Circular Permutations

I was working on a new design and came up with an interesting math problem. Let’s say you have a hexagon split into three equal sections like this guy:

I have five colors in my game and wanted to make hexes that covered every combination. At first, that’s simple combinations: 5 choose 3 is 10, right? Well, no, because position matters. So it is all permutations of 3 elements of 5 without reuse is 5!/(5-3)! = 5x4x3 = 60, right? Well, not quite. Because if you rotate the image above it goes from {blue, red, yellow} to {yellow, blue, red} or {red, yellow blue} all of which can be covered by the same hex.

This is called circular permutation or necklace problems and apparently is a big thing in organic chemistry, which I thankfully never took. Apparently this is a nontrivial problem. I kept trying to do it the mathy way until pages started referencing Euler’s totient function, then I threw my hands up and did it with brute force since I only needed to solve my particular problem. It should be simple in my case, right? You start with 60 permutations and since you can rotate each hex twice, you can get rid of two-thirds of them? It’s just a matter of figuring out which ones.

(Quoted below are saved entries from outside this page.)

(* Let $A$ be a finite alphabet with $|A|\ge2$. If $Z\subseteq A^+$ is a finite code of standard form and $|Z|$ is a prime number, then $Z$ is not an alt-induced code.
   Context: $A^+$ is the set of non-empty words over $A$; $|S|$ denotes cardinality. A code is a subset of $A^+$ in which every word has at most one factorization into its elements. A finite code $Z$ over $A$ is of standard form if every word of $Z$ has length at least $2$, it is not the case that all words of $Z$ begin with the same letter, and it is not the case that all words of $Z$ end with the same letter. For non-empty $X,Y\subseteq A^+$, $(X,Y)$ is an alternative code if $XY=\{xy:x\in X,y\in Y\}$ is a code and each element of $XY$ has exactly one factorization $xy$ with $x\in X,y\in Y$ (equivalently, no word admits two different similar alternative factorizations on $(X,Y)$). $Z$ is an alt-induced code if $Z=XY$ for some alternative code $(X,Y)$. *)

theory Defs
  imports Main "HOL-Computational_Algebra.Primes"
begin

definition words_plus :: "'a set \<Rightarrow> 'a list set" where
  "words_plus A = {w. w \<noteq> [] \<and> set w \<subseteq> A}"

definition is_code :: "'a set \<Rightarrow> 'a list set \<Rightarrow> bool" where
  "is_code A Z \<longleftrightarrow> Z \<subseteq> words_plus A \<and>
     (\<forall>xs ys. set xs \<subseteq> Z \<longrightarrow> set ys \<subseteq> Z \<longrightarrow> concat xs = concat ys \<longrightarrow> xs = ys)"

definition standard_form :: "'a list set \<Rightarrow> bool" where
  "standard_form Z \<longleftrightarrow> finite Z \<and> (\<forall>z\<in>Z. 2 \<le> length z) \<and>
     \<not> (\<exists>a. \<forall>z\<in>Z. hd z = a) \<and> \<not> (\<exists>a. \<forall>z\<in>Z. last z = a)"

definition set_concat :: "'a list set \<Rightarrow> 'a list set \<Rightarrow> 'a list set" where
  "set_concat X Y = {x @ y | x y. x \<in> X \<and> y \<in> Y}"

definition alternative_code :: "'a set \<Rightarrow> 'a list set \<Rightarrow> 'a list set \<Rightarrow> bool" where
  "alternative_code A X Y \<longleftrightarrow> X \<noteq> {} \<and> Y \<noteq> {} \<and>
     X \<subseteq> words_plus A \<and> Y \<subseteq> words_plus A \<and>
     is_code A (set_concat X Y) \<and>
     (\<forall>x\<in>X. \<forall>x'\<in>X. \<forall>y\<in>Y. \<forall>y'\<in>Y. x @ y = x' @ y' \<longrightarrow> x = x' \<and> y = y')"

definition alt_induced_code :: "'a set \<Rightarrow> 'a list set \<Rightarrow> bool" where
  "alt_induced_code A Z \<longleftrightarrow> (\<exists>X Y. alternative_code A X Y \<and> Z = set_concat X Y)"

end

theory Submission
  imports Defs
begin

text \<open>If every word of XY factors uniquely, concatenation is a bijection X \<times> Y \<rightarrow> XY, so
  |XY| = |X| |Y|. A prime cardinality forces X or Y to be a single non-empty word, and then
  every word of XY begins (resp. ends) with the same letter, contradicting standard form.\<close>

lemma card_set_concat:
  assumes "\<And>x x' y y'. x \<in> X \<Longrightarrow> x' \<in> X \<Longrightarrow> y \<in> Y \<Longrightarrow> y' \<in> Y \<Longrightarrow> x @ y = x' @ y' \<Longrightarrow> x = x' \<and> y = y'"
  shows "card (set_concat X Y) = card X * card Y"
proof -
  have "inj_on (\<lambda>(x, y). x @ y) (X \<times> Y)"
    using assms by (auto simp: inj_on_def)
  moreover have "(\<lambda>(x, y). x @ y) ` (X \<times> Y) = set_concat X Y"
    unfolding set_concat_def by auto
  ultimately show ?thesis
    by (metis card_image card_cartesian_product)
qed

lemma hd_set_concat_singleton:
  assumes "x \<noteq> []" and "z \<in> set_concat {x} Y"
  shows "hd z = hd x"
  using assms unfolding set_concat_def by auto

lemma last_set_concat_singleton:
  assumes "y \<noteq> []" and "z \<in> set_concat X {y}"
  shows "last z = last y"
  using assms unfolding set_concat_def by auto

theorem corollaryC:
  fixes A :: "'a set" and Z :: "'a list set"
  assumes "finite A" and "card A \<ge> 2"
    and "Z \<subseteq> words_plus A" and "finite Z" and "is_code A Z" and "standard_form Z"
    and "prime (card Z)"
  shows "\<not> alt_induced_code A Z"
proof
  assume "alt_induced_code A Z"
  then obtain X Y where alt: "alternative_code A X Y" and Z: "Z = set_concat X Y"
    unfolding alt_induced_code_def by blast
  then have "card Z = card X * card Y"
    using card_set_concat unfolding alternative_code_def by metis
  then have "card X = 1 \<or> card Y = 1"
    using \<open>prime (card Z)\<close> prime_product by metis
  then show False
  proof
    assume "card X = 1"
    then obtain x where "X = {x}" by (rule card_1_singletonE)
    moreover have "x \<noteq> []" using alt \<open>X = {x}\<close> unfolding alternative_code_def words_plus_def by auto
    ultimately have "\<forall>z\<in>Z. hd z = hd x" using Z hd_set_concat_singleton by blast
    then show False using \<open>standard_form Z\<close> unfolding standard_form_def by blast
  next
    assume "card Y = 1"
    then obtain y where "Y = {y}" by (rule card_1_singletonE)
    moreover have "y \<noteq> []" using alt \<open>Y = {y}\<close> unfolding alternative_code_def words_plus_def by auto
    ultimately have "\<forall>z\<in>Z. last z = last y" using Z last_set_concat_singleton by blast
    then show False using \<open>standard_form Z\<close> unfolding standard_form_def by blast
  qed
qed

end
definition arc :: "int \<Rightarrow> vtx \<Rightarrow> vtx \<Rightarrow> bool" where
  "arc m u v \<longleftrightarrow> u \<in> verts m \<and> v \<in> verts m \<and>
     ((snd v - snd u) mod m \<in> {1, 3} \<or> (snd u = snd v \<and> fst u \<noteq> fst v))"

definition arcs_ok :: "int \<Rightarrow> vtx list \<Rightarrow> bool" where
  "arcs_ok m P \<longleftrightarrow> (\<forall>i. Suc i < length P \<longrightarrow> arc m (P ! i) (P ! Suc i))"

definition dipath :: "int \<Rightarrow> vtx list \<Rightarrow> bool" where
  "dipath m P \<longleftrightarrow> P \<noteq> [] \<and> set P \<subseteq> verts m \<and> distinct P \<and> arcs_ok m P"

definition len :: "vtx list \<Rightarrow> nat" where
  "len P = length P - 1"

definition dcycle :: "int \<Rightarrow> vtx list \<Rightarrow> bool" where
  "dcycle m C \<longleftrightarrow> int (length C) = m + 1 \<and> hd C = last C \<and> set C \<subseteq> verts m
     \<and> distinct (tl C) \<and> arcs_ok m C"

definition diff_sum :: "int \<Rightarrow> vtx list \<Rightarrow> int" where
  "diff_sum m C = (\<Sum>i<length C - 1. adiff m (C ! i) (C ! Suc i))"

definition type_cycle :: "int \<Rightarrow> int \<Rightarrow> vtx list \<Rightarrow> bool" where
  "type_cycle m t C \<longleftrightarrow> dcycle m C \<and> diff_sum m C = t * m"

definition rho_pow :: "int \<Rightarrow> int \<Rightarrow> vtx list \<Rightarrow> vtx list" where
  "rho_pow m n P = map (\<lambda>(b, i). (b, (i + n) mod m)) P"

definition rhov :: "int \<Rightarrow> int \<Rightarrow> vtx \<Rightarrow> vtx" where
  "rhov m n v = (fst v, (snd v + n) mod m)"

text \<open>concatenation PQ (for t(P) = s(Q))\<close>
definition cat :: "vtx list \<Rightarrow> vtx list \<Rightarrow> vtx list" where
  "cat P Q = P @ tl Q"

definition Vblock :: "int \<Rightarrow> int \<Rightarrow> nat \<Rightarrow> vtx set" where
  "Vblock m p i = (if i = 0 then {v. 0 \<le> snd v \<and> snd v \<le> p - 1}
      else {v. p + 12 * (int i - 1) \<le> snd v \<and> snd v \<le> p + 12 * int i - 1})"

So if you have a five item alphabet {a, b, c, d, e} and need all necklaces of length three, you get:

{a, b, c}
{a, b, d}
{a, b, e}
{a, c, b}
{a, c, d}
{a, c, e}
{a, d, b}
{a, d, c}
{a, d, e}
{a, e, b}
{a, e, c}
{a, e, d}
{b, c, d}
{b, c, e}
{b, d, c}
{b, d, e}
{b, e, c}
{b, e, d}
{c, d, e}
{c, e, d}

I don’t know if this will ever be useful to anyone else, but here you go.